• Task item: The lines below starting at the line containing "then (if y j" and ending at the line containing "bool) \<Rightarrow> (int" are to be repeated exactly, with both ends kept and nothing else added.

• The records:

+---+

(* In the Cross Model on $\mathbb{Z}_K$ (with $K\ge1$ an integer and $\varepsilon\in(0,1)$), \[ \lim_{n\to\infty}\frac1n\mathbf{E}\big(D^{K,d}(n,0)\big)=1+2\varepsilon\,\nu_{K,\varepsilon}(\bullet,\circ). \]
   Context: Cross Model: $\mathbb{Z}_K=\mathbb{Z}\times[\![-K,K]\!]$ with vertical edges $(i,j)\to(i,j+1)$, horizontal edges $(i,j)\to(i+1,j)$ and diagonal edges $(i,j)\to(i+1,j\pm1)$ (within the strip). Vertical and horizontal edges have length $1$, diagonal edges length $2$. All vertical and diagonal edges are open; each horizontal edge is open with probability $1-\varepsilon$, independently. $D^{K,d}(i,j)$ is the length of a shortest open path in $\mathbb{Z}_K$ from $(0,0)$ to $(i,j)$. $\nu_{K,\varepsilon}$ denotes the stationary distribution of the discrete-time synchronous TASEP on $[\![-K+1,K]\!]$ (state space $\{\bullet,\circ\}^{2K}$, elements written $(y^{-K+1},\dots,y^K)$, $\bullet$ = occupied) in which, from time $t$ to $t+1$ independently: each particle at $j<K$ with site $j+1$ empty at time $t$ moves to $j+1$ with probability $\varepsilon$; a particle enters at the empty site $-K+1$ with probability $\varepsilon$; a particle at site $K$ exits with probability $\varepsilon$. Finally $\nu_{K,\varepsilon}(\bullet,\circ)=\nu_{K,\varepsilon}(y^0=\bullet,\,y^1=\circ)$. *)

theory Defs
  imports "HOL-Probability.Probability"
begin

text \<open>A configuration omega assigns to each vertex (i,j) whether the horizontal
edge (i,j) -> (i+1,j) is open.\<close>

definition cross_step :: "int \<Rightarrow> (int \<times> int \<Rightarrow> bool) \<Rightarrow> int \<times> int \<Rightarrow> int \<times> int \<Rightarrow> nat \<Rightarrow> bool" where
  "cross_step K \<omega> u v c \<longleftrightarrow>
     -K \<le> snd u \<and> snd u \<le> K \<and> -K \<le> snd v \<and> snd v \<le> K \<and>
     ((fst v = fst u \<and> snd v = snd u + 1 \<and> c = 1) \<or>
      (fst v = fst u + 1 \<and> snd v = snd u \<and> \<omega> u \<and> c = 1) \<or>
      (fst v = fst u + 1 \<and> (snd v = snd u + 1 \<or> snd v = snd u - 1) \<and> c = 2))"

inductive open_path :: "int \<Rightarrow> (int \<times> int \<Rightarrow> bool) \<Rightarrow> int \<times> int \<Rightarrow> int \<times> int \<Rightarrow> nat \<Rightarrow> bool"
  for K \<omega> where
  refl: "open_path K \<omega> x x 0"
| step: "open_path K \<omega> x y L \<Longrightarrow> cross_step K \<omega> y z c \<Longrightarrow> open_path K \<omega> x z (L + c)"

definition cross_dist :: "int \<Rightarrow> (int \<times> int \<Rightarrow> bool) \<Rightarrow> int \<times> int \<Rightarrow> nat" where
  "cross_dist K \<omega> v = (LEAST L. open_path K \<omega> (0,0) v L)"

definition cross_measure :: "real \<Rightarrow> (int \<times> int \<Rightarrow> bool) measure" where
  "cross_measure \<epsilon> = (\<Pi>\<^sub>M e\<in>(UNIV :: (int \<times> int) set). measure_pmf (bernoulli_pmf (1 - \<epsilon>)))"

text \<open>States: occupation functions supported on [-K+1, K] (True = occupied).\<close>
definition tasep_states :: "int \<Rightarrow> (int \<Rightarrow> bool) set" where
  "tasep_states K = {y. \<forall>j. y j \<longrightarrow> -K + 1 \<le> j \<and> j \<le> K}"

text \<open>Active bonds of state y: bond -K = entry at site -K+1 (if empty),
bond b in [-K+1,K-1] = jump b -> b+1 (if b occupied and b+1 empty),
bond K = exit from site K (if occupied).\<close>
definition tasep_active :: "int \<Rightarrow> (int \<Rightarrow> bool) \<Rightarrow> int set" where
  "tasep_active K y = {b. (b = -K \<and> \<not> y (-K + 1)) \<or>
                          (-K + 1 \<le> b \<and> b < K \<and> y b \<and> \<not> y (b + 1)) \<or>
                          (b = K \<and> y K)}"

definition tasep_update :: "int \<Rightarrow> (int \<Rightarrow> bool) \<Rightarrow> int set \<Rightarrow> (int \<Rightarrow> bool)" where
  "tasep_update K y F = (\<lambda>j. if -K + 1 \<le> j \<and> j \<le> K
                               then (if y j then j \<notin> F else j - 1 \<in> F)
                               else False)"

definition tasep_P :: "int \<Rightarrow> real \<Rightarrow> (int \<Rightarrow> bool) \<Rightarrow> (int \<Rightarrow> bool) \<Rightarrow> real" where
  "tasep_P K \<epsilon> y y' =
     (\<Sum>F\<in>Pow (tasep_active K y).
        if tasep_update K y F = y'
        then \<epsilon> ^ card F * (1 - \<epsilon>) ^ (card (tasep_active K y) - card F) else 0)"

definition tasep_stationary :: "int \<Rightarrow> real \<Rightarrow> ((int \<Rightarrow> bool) \<Rightarrow> real) \<Rightarrow> bool" where
  "tasep_stationary K \<epsilon> \<nu> \<longleftrightarrow>
     (\<forall>y\<in>tasep_states K. 0 \<le> \<nu> y) \<and>
     (\<Sum>y\<in>tasep_states K. \<nu> y) = 1 \<and>
     (\<forall>y'\<in>tasep_states K. \<nu> y' = (\<Sum>y\<in>tasep_states K. \<nu> y * tasep_P K \<epsilon> y y'))"

text \<open>nu(bullet, circ) = nu(y^0 = occupied, y^1 = empty).\<close>
definition nu_occ_emp :: "int \<Rightarrow> ((int \<Rightarrow> bool) \<Rightarrow> real) \<Rightarrow> real" where
  "nu_occ_emp K \<nu> = (\<Sum>y\<in>{y\<in>tasep_states K. y 0 \<and> \<not> y 1}. \<nu> y)"

end

theory Submission
  imports Defs
begin

text \<open>Read the strip column by column as time. The horizontal edges of column \<open>m\<close> serve as the
  coins of the TASEP at time \<open>m\<close>: an active bond fires exactly when its horizontal edge is closed.
  Encode a TASEP state by its height profile and let \<open>V(m, j)\<close> (\<open>coupled_height\<close>) grow by 1 at
  every step and by 2 more where a bond fires. Since active bonds are the strict local minima of the
  profile, every open path from the origin to \<open>(m, j)\<close> has length at least \<open>V(m, j)\<close>, and for
  \<open>m \<ge> K\<close> some open path has length at most \<open>V(m, j) + 3K\<close>. So \<open>E D(n, 0) = E V(n, 0) + O(K)\<close>,
  while \<open>V(n, 0)\<close> increases by \<open>1 + 2 [bond 0 fires]\<close>; started in the stationary law, bond 0
  fires with probability \<open>\<epsilon> \<nu>(\<bullet>, \<circ>)\<close> at every step.\<close>

section \<open>Height profiles of TASEP states\<close>

text \<open>A particle is a down-step and an empty site an up-step; the profile is normalised at site 0.\<close>

definition slope :: "(int \<Rightarrow> bool) \<Rightarrow> int \<Rightarrow> int" where
  "slope y k = (if y k then -1 else 1)"

definition tasep_height :: "(int \<Rightarrow> bool) \<Rightarrow> int \<Rightarrow> int" where
  "tasep_height y j = (\<Sum>k\<in>{1..j}. slope y k) - (\<Sum>k\<in>{j+1..0}. slope y k)"

lemma tasep_height_0 [simp]: "tasep_height y 0 = 0"
  unfolding tasep_height_def by simp

lemma tasep_height_diff: "tasep_height y j = tasep_height y (j - 1) + slope y j"
proof (cases "j \<ge> 1")
  case True
  then have "{1..j} = insert j {1..j-1}" "{j+1..0} = {}" "{j-1+1..0} = {}" by auto
  then show ?thesis unfolding tasep_height_def by simp
next
  case False
  then have "{j-1+1..0} = insert j {j+1..0}" "{1..j} = {}" "{1..j-1} = {}" by auto
  then show ?thesis unfolding tasep_height_def by simp
qed

lemma tasep_height_succ_cases: "tasep_height y (j + 1) = tasep_height y j + 1 \<or> tasep_height y (j + 1) = tasep_height y j - 1"
  using tasep_height_diff[of y "j + 1"] unfolding slope_def by auto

+---+

• Solution to the problem:
                               then (if y j then j \<notin> F else j - 1 \<in> F)
                               else False)"

definition tasep_P :: "int \<Rightarrow> real \<Rightarrow> (int \<Rightarrow> bool) \<Rightarrow> (int \<Rightarrow> bool) \<Rightarrow> real" where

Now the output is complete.